→ **EXERCISE GOAL**:
Please find all lines containing "indeg" in the listing below and copy them.

→ **INFORMATION SHOWN**:
(* Let $G$ be an infinite group. Then (i) $BR_G$ is a translation invariant ideal in $\mathcal{P}_G$; (ii) $BR_G^{\wedge}$ is a closed ideal of the semigroup $\beta G$, and an ultrafilter $p\in\beta G$ belongs to $BR_G^{\wedge}$ if and only if every member $P\in p$ contains an $(n,n)$-rectangle for every $n\in\mathbb{N}$; (iii) $BR_G\subsetneq FT_G$.
   Context: For $X,Y\subseteq G$, the product $XY$ is an $(n,m)$-rectangle if $|X|=n$, $|Y|=m$; a set $A$ has (contains) an $(n,m)$-rectangle if $XY\subseteq A$ for some such $X,Y$. $A$ has bounded rectangles if there is $n\in\mathbb{N}$ such that $A$ contains no $(n,n)$-rectangle; $BR_G$ is the family of such sets. An ideal in $\mathcal{P}_G$ is a family closed under finite unions and subsets not containing $G$; it is translation invariant if $gA,Ag$ belong to it whenever $A$ does. $A$ is $n$-thin if $g_0A\cap\dots\cap g_nA$ is finite for all distinct $g_0,\dots,g_n$; $FT_G$ is the family of sets that are $n$-thin for some $n$. $\beta G$ is the semigroup of ultrafilters on $G$, and $\mathcal{I}^{\wedge}=\{p\in\beta G: G\setminus A\in p$ for each $A\in\mathcal{I}\}$. *)

theory Defs
  imports Main
begin

text \<open>The group G is written additively as a type of class group_add
  (not necessarily commutative); the paper's product xy is x + y.\<close>

definition setprod :: "'a::group_add set \<Rightarrow> 'a set \<Rightarrow> 'a set" where
  "setprod X Y = {x + y | x y. x \<in> X \<and> y \<in> Y}"

definition ltrans :: "'a::group_add \<Rightarrow> 'a set \<Rightarrow> 'a set" where
  "ltrans g A = (\<lambda>a. g + a) ` A"

definition rtrans :: "'a set \<Rightarrow> 'a::group_add \<Rightarrow> 'a set" where
  "rtrans A g = (\<lambda>a. a + g) ` A"

definition has_rectangle :: "'a::group_add set \<Rightarrow> nat \<Rightarrow> nat \<Rightarrow> bool" where
  "has_rectangle A n m \<longleftrightarrow>
     (\<exists>X Y. finite X \<and> finite Y \<and> card X = n \<and> card Y = m \<and> setprod X Y \<subseteq> A)"

definition BR :: "'a::group_add set set" where
  "BR = {A. \<exists>n. \<not> has_rectangle A n n}"

definition thin :: "nat \<Rightarrow> 'a::group_add set \<Rightarrow> bool" where
  "thin n A \<longleftrightarrow> (\<forall>F. finite F \<and> card F = Suc n \<longrightarrow> finite (\<Inter>g\<in>F. ltrans g A))"

definition FT :: "'a::group_add set set" where
  "FT = {A. \<exists>n. thin n A}"

definition set_ideal :: "'a set set \<Rightarrow> bool" where
  "set_ideal I \<longleftrightarrow>
     (\<forall>A\<in>I. \<forall>B\<in>I. A \<union> B \<in> I) \<and> (\<forall>A\<in>I. \<forall>B. B \<subseteq> A \<longrightarrow> B \<in> I) \<and> UNIV \<notin> I"

definition translation_invariant :: "'a::group_add set set \<Rightarrow> bool" where
  "translation_invariant I \<longleftrightarrow> (\<forall>A\<in>I. \<forall>g. ltrans g A \<in> I \<and> rtrans A g \<in> I)"

text \<open>Ultrafilters on G, represented as families of subsets; beta G is the set of them.\<close>
definition is_ultrafilter :: "'a set set \<Rightarrow> bool" where
  "is_ultrafilter p \<longleftrightarrow>
     UNIV \<in> p \<and> {} \<notin> p \<and>
     (\<forall>A B. A \<in> p \<and> A \<subseteq> B \<longrightarrow> B \<in> p) \<and>
     (\<forall>A B. A \<in> p \<and> B \<in> p \<longrightarrow> A \<inter> B \<in> p) \<and>
     (\<forall>A. A \<in> p \<or> - A \<in> p)"

definition betaG :: "'a set set set" where
  "betaG = {p. is_ultrafilter p}"

text \<open>Semigroup operation on beta G: A \<in> p q iff {x. x^{-1}A \<in> q} \<in> p.\<close>
definition uprod :: "'a::group_add set set \<Rightarrow> 'a set set \<Rightarrow> 'a set set" where
  "uprod p q = {A. {x. {y. x + y \<in> A} \<in> q} \<in> p}"

text \<open>Closed subsets of beta G (Stone topology, basic open sets {p. A \<in> p}).\<close>
definition beta_closed :: "'a set set set \<Rightarrow> bool" where
  "beta_closed U \<longleftrightarrow> U \<subseteq> betaG \<and>
     (\<forall>p\<in>betaG. p \<notin> U \<longrightarrow> (\<exists>A\<in>p. \<forall>q\<in>U. A \<notin> q))"

definition semigroup_ideal :: "'a::group_add set set set \<Rightarrow> bool" where
  "semigroup_ideal L \<longleftrightarrow> L \<subseteq> betaG \<and> L \<noteq> {} \<and>
     (\<forall>p\<in>betaG. \<forall>q\<in>L. uprod p q \<in> L \<and> uprod q p \<in> L)"

definition hat :: "'a set set \<Rightarrow> 'a set set set" where
  "hat I = {p\<in>betaG. \<forall>A\<in>I. - A \<in> p}"

end

theory Submission
  imports Defs "HOL-Library.FuncSet"
begin

text \<open>
  (i) If \<open>A \<union> B\<close> contains a large rectangle \<open>XY\<close>, fix \<open>2n\<close> columns of \<open>Y\<close>. By the pigeonhole
  principle \<open>n\<close> rows of \<open>X\<close> meet \<open>A\<close> in the same set \<open>S\<close> of these columns, and \<open>S\<close> or its
  complement has \<open>n\<close> elements, which gives an \<open>(n,n)\<close>-rectangle in \<open>A\<close> or in \<open>B\<close>.
  Translates of rectangles are rectangles.

  (ii) For every ideal \<open>I\<close> the set \<open>I\<^sup>\<and>\<close> is closed and nonempty, and it is a two-sided ideal of
  \<open>\<beta>G\<close> as soon as \<open>I\<close> is left invariant and stable under \<open>A \<mapsto> {x. -x + A \<in> q}\<close> for every
  ultrafilter \<open>q\<close>. For \<open>BR\<close> the latter holds because a finite rectangle inside
  \<open>{x. -x + A \<in> q}\<close> is translated into \<open>A\<close> by a common point of finitely many members of \<open>q\<close>.

  (iii) If \<open>\<Inter>\<^sub>g\<^sub>\<in>\<^sub>F gA\<close> is infinite for some \<open>F\<close> with \<open>n + 1\<close> elements, then \<open>(-F)\<close> times any
  \<open>n + 1\<close> of its points is a rectangle in \<open>A\<close>; so \<open>BR \<subseteq> FT\<close>. For properness, take a union of
  \<open>k \<times> k\<close>-rectangles, \<open>k = 0, 1, 2, \<dots>\<close>, each chosen greedily so that it creates no difference
  \<open>b - a\<close> present before. Every nonzero \<open>h\<close> then has only finitely many representations
  \<open>h = b - a\<close>, so the union is 1-thin while it contains arbitrarily large rectangles.
\<close>

section \<open>Rectangles and translations\<close>

lemma setprod_mono: "X \<subseteq> X' \<Longrightarrow> Y \<subseteq> Y' \<Longrightarrow> setprod X Y \<subseteq> setprod X' Y'"
  unfolding setprod_def by blast

lemma finite_setprod:
  assumes "finite X" "finite Y"
  shows "finite (setprod X Y)"
proof -
  have "setprod X Y = (\<lambda>(x, y). x + y) ` (X \<times> Y)"
    unfolding setprod_def by auto
  then show ?thesis
    using assms by simp
qed

lemma has_rectangle_0: "has_rectangle A 0 0"
  unfolding has_rectangle_def setprod_def by (intro exI[of _ "{}"]) auto

lemma has_rectangle_subset: "has_rectangle B n m \<Longrightarrow> B \<subseteq> A \<Longrightarrow> has_rectangle A n m"
  unfolding has_rectangle_def by blast

lemma has_rectangle_mono:
  assumes "has_rectangle A n m" "n' \<le> n" "m' \<le> m"
  shows "has_rectangle A n' m'"
proof -
  obtain X Y where XY: "finite X" "finite Y" "card X = n" "card Y = m" "setprod X Y \<subseteq> A"
    using assms(1) unfolding has_rectangle_def by blast
  obtain X' where "X' \<subseteq> X" "card X' = n'" "finite X'"
    using obtain_subset_with_card_n[of n' X] XY assms(2) by auto
  moreover obtain Y' where "Y' \<subseteq> Y" "card Y' = m'" "finite Y'"
    using obtain_subset_with_card_n[of m' Y] XY assms(3) by auto
  ultimately show ?thesis
    unfolding has_rectangle_def using setprod_mono XY(5) by (metis order_trans)
qed

lemma has_rectangle_UNIV:
  assumes "infinite (UNIV :: 'a::group_add set)"
  shows "has_rectangle (UNIV :: 'a set) n n"
  using infinite_arbitrarily_large[OF assms, of n] unfolding has_rectangle_def by blast
(* Let $1/n\ll\nu\ll\tau\ll\alpha\ll 1$, and let $G$ be a digraph on $n$ vertices such that $e(G)\geq(\alpha-\nu)n^2$ and $\Delta^0(G)\leq\alpha n$. If $G$ is not a robust $(\nu,\tau)$-outexpander, then $G$ admits a $(4,\tau,4\nu)$-partition.
   Context: Hierarchy convention: $x\ll y$ means $x\leq f(y)$ for some implicitly given non-decreasing function $f:(0,1]\to(0,1]$; the statement asserts such functions exist, constants chosen from right to left. $\Delta^0(G)$ is the maximum over all vertices of the maximum of in- and outdegree. For $S\subseteq V(G)$, the robust $\nu$-outneighbourhood is $RN^+_\nu(S)=\{v\in V(G):|N^-(v)\cap S|\geq\nu n\}$; $G$ is a robust $(\nu,\tau)$-outexpander if $|RN^+_\nu(S)|\geq|S|+\nu n$ for all $S\subseteq V(G)$ with $\tau n\leq|S|\leq(1-\tau)n$. A $4$-partition is a family $\{V_{ij}:i,j\in[2]\}$ of pairwise disjoint (possibly empty) sets with union $V(G)$; $V_{i*}=V_{i1}\cup V_{i2}$, $V_{*j}=V_{1j}\cup V_{2j}$. With $E(A,B)$ the set of edges $ab$, $a\in A$, $b\in B$, the bad edges are $E(V_{1*},V_{*2})\cup E(V_{2*},V_{*1})$. A $(4,\tau,\gamma)$-partition is a $4$-partition with at most $\gamma n^2$ bad edges and $|V_{i*}|,|V_{*j}|\geq\tau n$ for all $i,j\in[2]$. *)

theory Defs
  imports Complex_Main
begin

definition digraph :: "'a set \<Rightarrow> ('a \<times> 'a) set \<Rightarrow> bool" where
  "digraph V E \<longleftrightarrow> finite V \<and> E \<subseteq> V \<times> V \<and> (\<forall>v. (v, v) \<notin> E)"

definition outdeg :: "('a \<times> 'a) set \<Rightarrow> 'a \<Rightarrow> nat" where
  "outdeg E v = card {w. (v, w) \<in> E}"

definition indeg :: "('a \<times> 'a) set \<Rightarrow> 'a \<Rightarrow> nat" where
  "indeg E v = card {u. (u, v) \<in> E}"
theorem mainTheorem16:
  fixes n :: nat and A :: "nat \<Rightarrow> 's set" and u :: "nat \<Rightarrow> (nat \<Rightarrow> 's) \<Rightarrow> real"
    and G :: "('s,'s) gbij set"
  assumes "game n A u"
    and "symmetry_group n A u G"
    and "player_n_transitive n G"
    and "strategy_trivial n A G"
  shows "\<exists>(B :: nat \<Rightarrow> 's set) v g. vnm_symmetric n B v \<and> strict_iso n A u n B v g"
proof -
  have "0 < n" using assms(1) unfolding game_def by simp
  then obtain \<sigma> where \<sigma>: "\<And>i. i < n \<Longrightarrow> bij_betw (\<sigma> i) (A 0) (A i)"
    and equiv: "\<And>h i x. h \<in> G \<Longrightarrow> i < n \<Longrightarrow> x \<in> A 0 \<Longrightarrow> snd h i (\<sigma> i x) = \<sigma> (fst h i) x"
    using equivariant_labelling_exists[OF assms(2-4)] by blast
  have "vnm_symmetric n (\<lambda>_. A 0) (relabel_utility n \<sigma> u)"
    using assms(1-3) \<sigma> equiv by (rule vnm_symmetric_relabel)
  moreover have "strict_iso n A u n (\<lambda>_. A 0) (relabel_utility n \<sigma> u)
      ((\<lambda>i. i), \<lambda>i. the_inv_into (A 0) (\<sigma> i))"
    using \<sigma> by (rule strict_iso_relabel)
  ultimately show ?thesis by blast
qed

end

→ **EXERCISE RESPONSE**:
definition indeg :: "('a \<times> 'a) set \<Rightarrow> 'a \<Rightarrow> nat" where
  "indeg E v = card {u. (u, v) \<in> E}"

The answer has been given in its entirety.